Klare Signale für eine Winter-Rezession in Deutschland senden die ifo Geschäftserwartungen, die eine gute Trefferquote haben. Neben der Industrie fällt auch die Stimmung im Konsum- und Dienstleistungssektor weiter.

Neben der Konjunkturschwäche in China, das für ein Drittel des weltweiten Wirtschaftswachstums verantwortlich ist, und immer noch hohen Inflationsraten machen Deutschland insbesondere langjährige Strukturprobleme zu schaffen. So verhindert eine überbordende und dysfunktionale Bürokratie einen effektiven und schnellen Einsatz des 200 Mrd. schweren Klima- und Transformationsfonds. Daneben wird die industrielle Basis in Deutschland durch mangelnde Digitalisierung, zu hohe Steuer- und Abgabenlast sowie im Ländervergleich zu hohe Energiepreise sowie -unsicherheit erschüttert.

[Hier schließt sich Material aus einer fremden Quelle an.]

(* Let $k\ge 0$ and suppose $P_k(q)=P_{k,1}(q)\cdots P_{k,r}(q)$ is a factorization of $P_k$ into monic irreducible polynomials in $\mathbb{Z}[q]$, numbered so that $P_{k,1}(\alpha)=0$, where $\alpha$ is the unique root of $P_k$ in $(0,1)$. Then $P_{k,1}(1/\alpha)=0$, and for every $i\ge 2$ all roots of $P_{k,i}$ are roots of unity.
   Context: For $k\ge 0$, $P_{k}(q)=1+\sum_{l=1}^{k+1} q^{4l-4}(q^4-q^3-q^2-q)$, i.e. $P_0=q^4-q^3-q^2-q+1$, $P_k=(q^4+1)P_{k-1}-q^4P_{k-2}$ with $P_1=q^8-q^7-q^6-q^5+q^4-q^3-q^2-q+1$. $P_k$ has exactly one root $\alpha$ in $(0,1)$, and its roots are $\alpha$, $1/\alpha$, and complex numbers of absolute value $1$. *)

theory Defs
  imports "HOL-Computational_Algebra.Polynomial" "HOL-Computational_Algebra.Polynomial_Factorial" Complex_Main
begin

definition Pk :: "nat \<Rightarrow> int poly" where
  "Pk k = 1 + (\<Sum>l = 1..k+1. monom 1 (4*l - 4) * [:0, -1, -1, -1, 1:])"

end

theory Submission
  imports Defs "Berlekamp_Zassenhaus.Factor_Bound"
begin

(*
  Let E_k(q) = q^(4k+8) - q^(4k+7) - q^(4k+6) - q^(4k+5) + q^3 + q^2 + q - 1, so that
  (q^4 - 1) P_k(q) = E_k(q).  The proof has three ingredients.

  (1) Kronecker's theorem: a monic integer polynomial whose complex roots all lie on the
      unit circle has only roots of unity as roots.  The Graeffe iterates of such a
      polynomial have roots z^(2^m), fixed degree and (by Mignotte's bound, the Mahler
      measure being 1) bounded coefficients; finitely many such polynomials exist, so the
      powers z^(2^m) repeat.
  (2) The roots of P_k: E_k is anti-reciprocal, so 1/alpha is a root along with alpha, and
      on the unit circle E_k(e^(it)) vanishes exactly when a trigonometric sum G_k(t) does.
      The intermediate value theorem applied to a phase function yields 2k+1 zeros of G_k
      in (0, pi), hence 4k+2 unimodular roots e^(+-it).  Together with alpha and 1/alpha
      these are 4k+4 = deg P_k distinct roots: P_k is squarefree and has no other roots.
  (3) The factor f_0 vanishing at alpha has constant term +-1 (it divides P_k, and
      P_k(0) = 1), so the product of the moduli of its roots is 1 and it needs a root
      outside the unit disc, which can only be 1/alpha.  Any other factor f_i is coprime to
      f_0 (P_k is squarefree), so all its roots are unimodular and (1) applies.
*)

lemma linear_prod_nonzero: "(\<Prod>a\<leftarrow>as. [:- f a, 1:]) \<noteq> (0 :: 'a::idom poly)"
  unfolding prod_list_zero_iff by auto

lemma poly_linear_prod_eq_0:
  fixes as :: "'a::idom list"
  shows "poly (\<Prod>a\<leftarrow>as. [:- a, 1:]) x = 0 \<longleftrightarrow> x \<in> set as"
  by (induct as) auto

lemma rsquarefree_linear_prod:
  fixes L :: "'a::idom list"
  assumes "distinct L"
  shows "rsquarefree (\<Prod>a\<leftarrow>L. [:- a, 1:])"
proof -
  have "Polynomial.order x (\<Prod>a\<leftarrow>L. [:- a, 1:]) \<le> 1" for x
    using assms
  proof (induct L)
    case Nil
    then show ?case by (simp add: order_0I)
  next
    case (Cons y ys)
    have nz: "[:- y, 1:] * (\<Prod>a\<leftarrow>ys. [:- a, 1:]) \<noteq> 0"
      using linear_prod_nonzero[of "\<lambda>a. a" "y # ys"] unfolding list.map prod_list.Cons .
    have split: "Polynomial.order x (\<Prod>a\<leftarrow>y # ys. [:- a, 1:])
        = Polynomial.order x [:- y, 1:] + Polynomial.order x (\<Prod>a\<leftarrow>ys. [:- a, 1:])"
      unfolding list.map prod_list.Cons by (rule order_mult[OF nz])
    have linear: "Polynomial.order x [:- y, 1:] = (if y = x then 1 else 0)"
      unfolding order_linear' by simp
    have rest: "Polynomial.order x (\<Prod>a\<leftarrow>ys. [:- a, 1:]) = 0" if "y = x"
    proof (rule order_0I)
      show "poly (\<Prod>a\<leftarrow>ys. [:- a, 1:]) x \<noteq> 0"
        using that Cons.prems unfolding poly_linear_prod_eq_0 by simp
    qed
    show ?case using split linear rest Cons by simp
  qed
  moreover have "(\<Prod>a\<leftarrow>L. [:- a, 1:]) \<noteq> (0 :: 'a poly)"
    by (rule linear_prod_nonzero[of "\<lambda>a. a"])
  ultimately show ?thesis unfolding rsquarefree_def by (meson le_neq_implies_less less_one)
qed

lemma rsquarefree_dvd_no_common_root:
  assumes sf: "rsquarefree p" and dvd: "f * g dvd p" and root: "poly f w = 0"
  shows "poly g w \<noteq> 0"
proof
  assume root_g: "poly g w = 0"
  have "p \<noteq> 0" using sf by (simp add: rsquarefree_def)
  hence fg: "f * g \<noteq> 0" using dvd by auto
  hence "f \<noteq> 0" "g \<noteq> 0" by auto
  hence "Polynomial.order w f \<ge> 1" "Polynomial.order w g \<ge> 1"
    using root root_g order_root by (metis less_one not_le)+
  moreover have "Polynomial.order w (f * g) = Polynomial.order w f + Polynomial.order w g"
    using fg by (rule order_mult)
  moreover have "Polynomial.order w (f * g) \<le> Polynomial.order w p"
    by (rule dvd_imp_order_le[OF \<open>p \<noteq> 0\<close> dvd])
  moreover have "Polynomial.order w p = 0 \<or> Polynomial.order w p = 1"
    using sf unfolding rsquarefree_def by blast
  ultimately show False by linarith
qed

Hinzu kommt eine Politik, die die Grundsätze der Psychologie mit Füßen tritt. Allein das ideologische Hick-Hack beim „Wachstumschancengesetz“ zeigt – wenn es überhaupt durch den Bundesrat geht – dass der Blick für das Wirtschaftliche fehlt. Ohnehin fallen die geplanten Hilfen über jährlich 7 Mrd. Euro bis 2028 durch Steuervergünstigungen und Steueranreize für Investitionen in Energieeffizienz, Forschung und Entwicklung und neue Abschreibungsregeln für Investitionen in neue Gebäude zur Unterstützung des Immobilien- und Bausektors im Vergleich mit unseren Wettbewerbern zu gering aus. Auch die Förderung der Start-Up-Kultur in Deutschland ist mit einer Mrd. Euro nur ein Tropfen auf den heißen Stein.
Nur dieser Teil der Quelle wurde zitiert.